→ What is expected:
Needed from the data below: every line from the one with "unfolding Psi_dot_def[abs_def]" up to and including the one with "by (intro DERIV_chain", repeated exactly and with nothing else.

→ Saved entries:
(* For $d\in[6.74,7.5]$, $|\Psi_d'(x)|<1$ for all $x\in[\frac38,\frac12]$.
   Context: $\Psi_d=\dot\Psi\circ\hat\Psi$ with $\hat\Psi(x)=\frac{1-2x^{2}}{1-x^{2}}$ and $\dot\Psi(v)=\frac{1-v^{d-1}}{2-v^{d-1}}$ ($d$ real). *)

theory Defs
  imports "HOL-Analysis.Analysis"
begin

definition Psi_hat :: "real \<Rightarrow> real" where
  "Psi_hat x = (1 - 2 * x\<^sup>2) / (1 - x\<^sup>2)"

definition Psi_dot :: "real \<Rightarrow> real \<Rightarrow> real" where
  "Psi_dot d v = (1 - v powr (d - 1)) / (2 - v powr (d - 1))"

definition Psi :: "real \<Rightarrow> real \<Rightarrow> real" where
  "Psi d = Psi_dot d \<circ> Psi_hat"

end

theory Submission
  imports Defs
begin

(* With v = Psi_hat x and w = v^(d-1), the chain rule gives
   Psi_d'(x) = (d-1) w/(2-w)^2 * 2x/((1-x^2)(1-2x^2)) > 0.
   Since v <= Psi_hat(3/8) = 46/55 and ln(55/46) > 7/40, the map a |-> a v^a decreases for
   a >= 40/7, and so does v^a; hence Psi_d'(x) <= Psi_{47/7}'(x) for every d >= 47/7. The one-variable bound Psi_{47/7}'(x) < 1 is checked on four
   subintervals of [3/8, 1/2], on each of which v is bounded by its value at the left end
   point and the remaining factors by their values at the right end point. *)

definition log_slope :: "real \<Rightarrow> real" where
  "log_slope x = 2 * x / ((1 - x\<^sup>2) * (1 - 2 * x\<^sup>2))"

text \<open>\<^term>\<open>log_slope\<close> is the derivative of \<^term>\<open>\<lambda>x. - ln (Psi_hat x)\<close>.\<close>

definition Psi_deriv :: "real \<Rightarrow> real \<Rightarrow> real" where
  "Psi_deriv d x =
     (d - 1) * Psi_hat x powr (d - 1) / (2 - Psi_hat x powr (d - 1))\<^sup>2 * log_slope x"

lemma Psi_hat_eq: "x\<^sup>2 \<noteq> 1 \<Longrightarrow> Psi_hat x = 2 - 1 / (1 - x\<^sup>2)"
  unfolding Psi_hat_def by (simp add: field_simps)

lemma Psi_hat_antimono:
  fixes x y :: real
  assumes "0 \<le> y" "y \<le> x" "x\<^sup>2 < 1"
  shows "Psi_hat x \<le> Psi_hat y"
proof -
  have squares: "y\<^sup>2 \<le> x\<^sup>2" using assms by (intro power_mono) auto
  have "y\<^sup>2 < 1" using squares assms by linarith
  then have "0 < (1 - y\<^sup>2) * (1 - x\<^sup>2)" using assms by simp
  then have "1 / (1 - y\<^sup>2) \<le> 1 / (1 - x\<^sup>2)"
    using squares by (intro divide_left_mono) auto
  moreover from \<open>y\<^sup>2 < 1\<close> assms have "x\<^sup>2 \<noteq> 1" "y\<^sup>2 \<noteq> 1" by auto
  ultimately show ?thesis by (simp add: Psi_hat_eq)
qed

lemma Psi_hat_pos:
  fixes x :: real
  assumes "2 * x\<^sup>2 < 1"
  shows "0 < Psi_hat x"
  using assms unfolding Psi_hat_def by (auto simp: field_simps)

lemma Psi_hat_less_1:
  fixes x :: real
  assumes "x \<noteq> 0" "x\<^sup>2 < 1"
  shows "Psi_hat x < 1"
  using assms unfolding Psi_hat_def by (auto simp: field_simps)

lemma log_slope_nonneg: "0 \<le> x \<Longrightarrow> 2 * x\<^sup>2 < 1 \<Longrightarrow> 0 \<le> log_slope x"
  unfolding log_slope_def by (intro divide_nonneg_nonneg mult_nonneg_nonneg) auto

lemma log_slope_mono:
  fixes x y :: real
  assumes "0 \<le> x" "x \<le> y" "2 * y\<^sup>2 < 1"
  shows "log_slope x \<le> log_slope y"
proof -
  have squares: "x\<^sup>2 \<le> y\<^sup>2" using assms by (intro power_mono) auto
  have "(1 - y\<^sup>2) * (1 - 2 * y\<^sup>2) \<le> (1 - x\<^sup>2) * (1 - 2 * x\<^sup>2)"
    using assms squares by (intro mult_mono) linarith+
  moreover have "0 < (1 - y\<^sup>2) * (1 - 2 * y\<^sup>2)" using assms by simp
  ultimately show ?thesis unfolding log_slope_def using assms by (intro frac_le) auto
qed

lemma has_real_derivative_Psi_hat:
  fixes x :: real
  assumes "x\<^sup>2 \<noteq> 1"
  shows "(Psi_hat has_real_derivative (- 2 * x / (1 - x\<^sup>2)\<^sup>2)) (at x)"
  unfolding Psi_hat_def[abs_def]
  by (rule derivative_eq_intros refl)+ (use assms in \<open>auto simp: field_simps power2_eq_square\<close>)

lemma has_real_derivative_Psi_dot:
  fixes d v :: real
  assumes "0 < v" "v powr (d - 1) \<noteq> 2"
  shows "(Psi_dot d has_real_derivative
           (- (d - 1) * v powr (d - 2) / (2 - v powr (d - 1))\<^sup>2)) (at v)"
  unfolding Psi_dot_def[abs_def]
  by (rule derivative_eq_intros refl assms)+ (use assms in \<open>auto simp: field_simps power2_eq_square\<close>)

lemma has_real_derivative_Psi:
  fixes d x :: real
  assumes "1 \<le> d" "x \<noteq> 0" "2 * x\<^sup>2 < 1"
  shows "(Psi d has_real_derivative Psi_deriv d x) (at x)"
proof -
  define v where "v = Psi_hat x"
  define w where "w = v powr (d - 1)"
  have v: "0 < v" "v < 1" using assms Psi_hat_pos Psi_hat_less_1 unfolding v_def by auto
  have w: "w \<le> 1" unfolding w_def using v assms powr_mono'[of 0 "d - 1" v] by simp
  have "(Psi d has_real_derivative
      (- (d - 1) * v powr (d - 2) / (2 - w)\<^sup>2) * (- 2 * x / (1 - x\<^sup>2)\<^sup>2)) (at x)"
    unfolding Psi_def v_def w_def
    by (intro DERIV_chain has_real_derivative_Psi_dot has_real_derivative_Psi_hat)
       (use v w assms in \<open>auto simp: v_def w_def\<close>)
  moreover have "v powr (d - 2) = w / v" unfolding w_def using v powr_diff[of v "d - 1" 1] by simp
  then have "(- (d - 1) * v powr (d - 2) / (2 - w)\<^sup>2) * (- 2 * x / (1 - x\<^sup>2)\<^sup>2)
      = (d - 1) * w / (2 - w)\<^sup>2 * (2 * x / ((v * (1 - x\<^sup>2)) * (1 - x\<^sup>2)))"
    by (simp add: field_simps power2_eq_square minus_divide_left del: divide_minus_left)
  moreover have "v * (1 - x\<^sup>2) = 1 - 2 * x\<^sup>2" using assms by (simp add: v_def Psi_hat_def)
  ultimately show ?thesis
    unfolding Psi_deriv_def log_slope_def v_def w_def by (simp add: mult.commute)
qed

lemma Psi_deriv_nonneg:
  fixes d x :: real
  assumes "1 \<le> d" "0 < x" "2 * x\<^sup>2 < 1"
  shows "0 \<le> Psi_deriv d x"
  using assms Psi_hat_pos[of x] Psi_hat_less_1[of x] log_slope_nonneg[of x]
  unfolding Psi_deriv_def by (simp add: powr_le1)

lemma mult_powr_exponent_antimono:
  fixes a q v :: real
  assumes "0 < q" "q \<le> a" "0 < v" "ln v \<le> - 1 / q"
  shows "a * v powr a \<le> q * v powr q"
proof -
  have "a / q \<le> exp (a / q - 1)" using exp_ge_add_one_self[of "a / q - 1"] by simp
  also have "\<dots> \<le> exp ((q - a) * ln v)"
  proof -
    have "(a - q) * (1 / q + ln v) \<le> 0" using assms by (intro mult_nonneg_nonpos) auto
    then show ?thesis using assms by (simp add: field_simps)
  qed
  finally have ratio: "a / q \<le> exp ((q - a) * ln v)" .
  have "v powr a = v powr q * exp ((a - q) * ln v)"
    using assms by (simp add: powr_def algebra_simps flip: exp_add)
  then have "a * v powr a = q * v powr q * (a / q * exp ((a - q) * ln v))"
    using assms by (simp add: field_simps)
  also have "\<dots> \<le> q * v powr q * (exp ((q - a) * ln v) * exp ((a - q) * ln v))"
    using assms ratio by (intro mult_left_mono mult_right_mono) auto
  also have "\<dots> = q * v powr q" by (simp add: algebra_simps flip: exp_add)
  finally show ?thesis .
qed

lemma divide_two_minus_square_mono:
  fixes s u :: real
  assumes "0 \<le> s" "s \<le> u" "u < 2"
  shows "s / (2 - s)\<^sup>2 \<le> u / (2 - u)\<^sup>2"
proof -
  have "s * u \<le> 2 * 2" using assms by (intro mult_mono) auto
  then have "0 \<le> (u - s) * (4 - s * u)" using assms by (intro mult_nonneg_nonneg) auto
  also have "\<dots> = u * (2 - s)\<^sup>2 - s * (2 - u)\<^sup>2" by (simp add: algebra_simps power2_eq_square)
  finally have "s * (2 - u)\<^sup>2 \<le> u * (2 - s)\<^sup>2" by simp
  then show ?thesis
    using assms by (subst frac_le_eq) (auto intro!: divide_nonpos_pos)
qed

lemma Psi_deriv_antimono:
  fixes d d0 x :: real
  assumes "0 < x" "2 * x\<^sup>2 < 1" "1 < d0" "d0 \<le> d" "ln (Psi_hat x) \<le> - 1 / (d0 - 1)"
  shows "Psi_deriv d x \<le> Psi_deriv d0 x"
proof -
  define v where "v = Psi_hat x"
  have v: "0 < v" "v < 1" using assms Psi_hat_pos Psi_hat_less_1 unfolding v_def by auto
  have "(d - 1) * v powr (d - 1) \<le> (d0 - 1) * v powr (d0 - 1)"
    by (rule mult_powr_exponent_antimono) (use assms v in \<open>auto simp: v_def\<close>)
  moreover have "v powr (d - 1) \<le> v powr (d0 - 1)" using assms v by (intro powr_mono') auto
  moreover have "v powr (d0 - 1) \<le> 1" using assms v by (intro powr_le1) auto
  ultimately have "(d - 1) * v powr (d - 1) / (2 - v powr (d - 1))\<^sup>2
      \<le> (d0 - 1) * v powr (d0 - 1) / (2 - v powr (d0 - 1))\<^sup>2"
    using assms v by (intro frac_le power_mono) auto
  then show ?thesis
    unfolding Psi_deriv_def v_def[symmetric]
    using assms log_slope_nonneg[of x] by (intro mult_right_mono) auto
qed

lemma ln_46_55_le: "ln (46 / 55 :: real) \<le> - 7 / 40"
proof -
  have "exp (7 / 320 :: real) * (1 - 7 / 320) \<le> exp (7 / 320) * exp (- 7 / 320)"
    using exp_ge_add_one_self[of "- 7 / 320 :: real"] by (intro mult_left_mono) auto
  then have "exp (7 / 320 :: real) \<le> 320 / 313" by (simp flip: exp_add)
  then have "exp (7 / 320 :: real) ^ 8 \<le> (320 / 313) ^ 8" by (intro power_mono) auto
  also have "\<dots> \<le> 55 / 46" by (simp add: power_divide)
  finally have "exp (7 / 40 :: real) \<le> 55 / 46" by (simp flip: exp_of_nat_mult)
  then have "46 / 55 \<le> exp (- 7 / 40 :: real)" by (simp add: exp_minus field_simps)
  then show ?thesis using ln_mono[of "46 / 55" "exp (- 7 / 40 :: real)"] by simp
qed

text \<open>The bound \<open>U\<^sup>7 \<ge> Psi_hat x1 ^ 40\<close> says \<open>U \<ge> Psi_hat x1 powr (40/7)\<close>; it is stated
  with natural powers so that, for concrete end points, it is decided by exact rational arithmetic.\<close>

lemma Psi_deriv_47_7_le:
  fixes x x1 x2 U :: real
  assumes "0 < x1" "x1 \<le> x" "x \<le> x2" "2 * x2\<^sup>2 < 1"
    and "Psi_hat x1 ^ 40 \<le> U ^ 7" "0 \<le> U" "U < 2"
  shows "Psi_deriv (47 / 7) x \<le> 40 / 7 * U / (2 - U)\<^sup>2 * log_slope x2"
proof -
  define v where "v = Psi_hat x"
  define s where "s = v powr (40 / 7)"
  have "x\<^sup>2 \<le> x2\<^sup>2" using assms by (intro power_mono) auto
  then have x: "0 < x" "2 * x\<^sup>2 < 1" using assms(1,2,4) by linarith+
  have v: "0 < v" "v \<le> Psi_hat x1"
    using x assms Psi_hat_pos Psi_hat_antimono[of x1 x] unfolding v_def by auto
  have "s ^ 7 = v powr real 40" using v by (simp add: s_def powr_power)
  also have "\<dots> = v ^ 40" using v by (intro powr_realpow)
  also have "\<dots> \<le> Psi_hat x1 ^ 40" using v by (intro power_mono) auto
  finally have "s ^ Suc 6 \<le> U ^ Suc 6" using assms by simp
  then have "s \<le> U" using \<open>0 \<le> U\<close> by (rule power_le_imp_le_base)
  then have "40 / 7 * s / (2 - s)\<^sup>2 \<le> 40 / 7 * U / (2 - U)\<^sup>2"
    using assms divide_two_minus_square_mono[of s U] by (simp add: s_def)
  moreover have "0 \<le> log_slope x" "log_slope x \<le> log_slope x2"
    using x assms by (auto intro: log_slope_nonneg log_slope_mono)
  ultimately have "40 / 7 * s / (2 - s)\<^sup>2 * log_slope x \<le> 40 / 7 * U / (2 - U)\<^sup>2 * log_slope x2"
    using assms by (intro mult_mono) auto
  then show ?thesis by (simp add: Psi_deriv_def s_def v_def)
qed

lemma Psi_deriv_47_7_less_1:
  fixes x :: real
  assumes "3 / 8 \<le> x" "x \<le> 1 / 2"
  shows "Psi_deriv (47 / 7) x < 1"
proof -
  consider "x \<le> 386 / 1000" | "386 / 1000 \<le> x" "x \<le> 406 / 1000"
    | "406 / 1000 \<le> x" "x \<le> 441 / 1000" | "441 / 1000 \<le> x"
    by linarith
  then show ?thesis
  proof cases
    case 1
    show ?thesis
      by (rule le_less_trans[OF Psi_deriv_47_7_le[of "3 / 8" x "386 / 1000" "361 / 1000"]])
         (use assms 1 in \<open>simp_all add: Psi_hat_def log_slope_def power_divide\<close>)
  next
    case 2
    show ?thesis
      by (rule le_less_trans[OF Psi_deriv_47_7_le[of "386 / 1000" x "406 / 1000" "333 / 1000"]])
         (use 2 in \<open>simp_all add: Psi_hat_def log_slope_def power_divide\<close>)
  next
    case 3
    show ?thesis
      by (rule le_less_trans[OF Psi_deriv_47_7_le[of "406 / 1000" x "441 / 1000" "285 / 1000"]])
         (use 3 in \<open>simp_all add: Psi_hat_def log_slope_def power_divide\<close>)
  next
    case 4
    show ?thesis
      by (rule le_less_trans[OF Psi_deriv_47_7_le[of "441 / 1000" x "1 / 2" "207 / 1000"]])
         (use assms 4 in \<open>simp_all add: Psi_hat_def log_slope_def power_divide\<close>)
  qed
qed

theorem lemma4p3:
  fixes d x :: real
  assumes "6.74 \<le> d" "d \<le> 7.5"
      and "3/8 \<le> x" "x \<le> 1/2"
  shows "\<exists>D. (Psi d has_real_derivative D) (at x) \<and> \<bar>D\<bar> < 1"
proof -
  have "x\<^sup>2 \<le> (1 / 2)\<^sup>2" using assms by (intro power_mono) auto
  then have x: "0 < x" "2 * x\<^sup>2 < 1" using assms by (simp_all add: power_divide)
  have "Psi_hat x \<le> Psi_hat (3 / 8)" using assms x by (intro Psi_hat_antimono) auto
  then have "ln (Psi_hat x) \<le> ln (46 / 55)"
    using x Psi_hat_pos by (simp add: Psi_hat_def power_divide)
  also have "\<dots> \<le> - 1 / (47 / 7 - 1)" using ln_46_55_le by simp
  finally have "Psi_deriv d x \<le> Psi_deriv (47 / 7) x"
    using assms x by (intro Psi_deriv_antimono) auto
  also have "\<dots> < 1" using assms(3,4) by (rule Psi_deriv_47_7_less_1)
  finally have "Psi_deriv d x < 1" .
  moreover have "0 \<le> Psi_deriv d x" using assms x by (intro Psi_deriv_nonneg) auto
  ultimately show ?thesis using has_real_derivative_Psi[of d x] assms x by auto
qed

end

→ Solution to this problem:
  unfolding Psi_dot_def[abs_def]
  by (rule derivative_eq_intros refl assms)+ (use assms in \<open>auto simp: field_simps power2_eq_square\<close>)

lemma has_real_derivative_Psi:
  fixes d x :: real
  assumes "1 \<le> d" "x \<noteq> 0" "2 * x\<^sup>2 < 1"
  shows "(Psi d has_real_derivative Psi_deriv d x) (at x)"
proof -
  define v where "v = Psi_hat x"
  define w where "w = v powr (d - 1)"
  have v: "0 < v" "v < 1" using assms Psi_hat_pos Psi_hat_less_1 unfolding v_def by auto
  have w: "w \<le> 1" unfolding w_def using v assms powr_mono'[of 0 "d - 1" v] by simp
  have "(Psi d has_real_derivative
      (- (d - 1) * v powr (d - 2) / (2 - w)\<^sup>2) * (- 2 * x / (1 - x\<^sup>2)\<^sup>2)) (at x)"
    unfolding Psi_def v_def w_def
    by (intro DERIV_chain has_real_derivative_Psi_dot has_real_derivative_Psi_hat)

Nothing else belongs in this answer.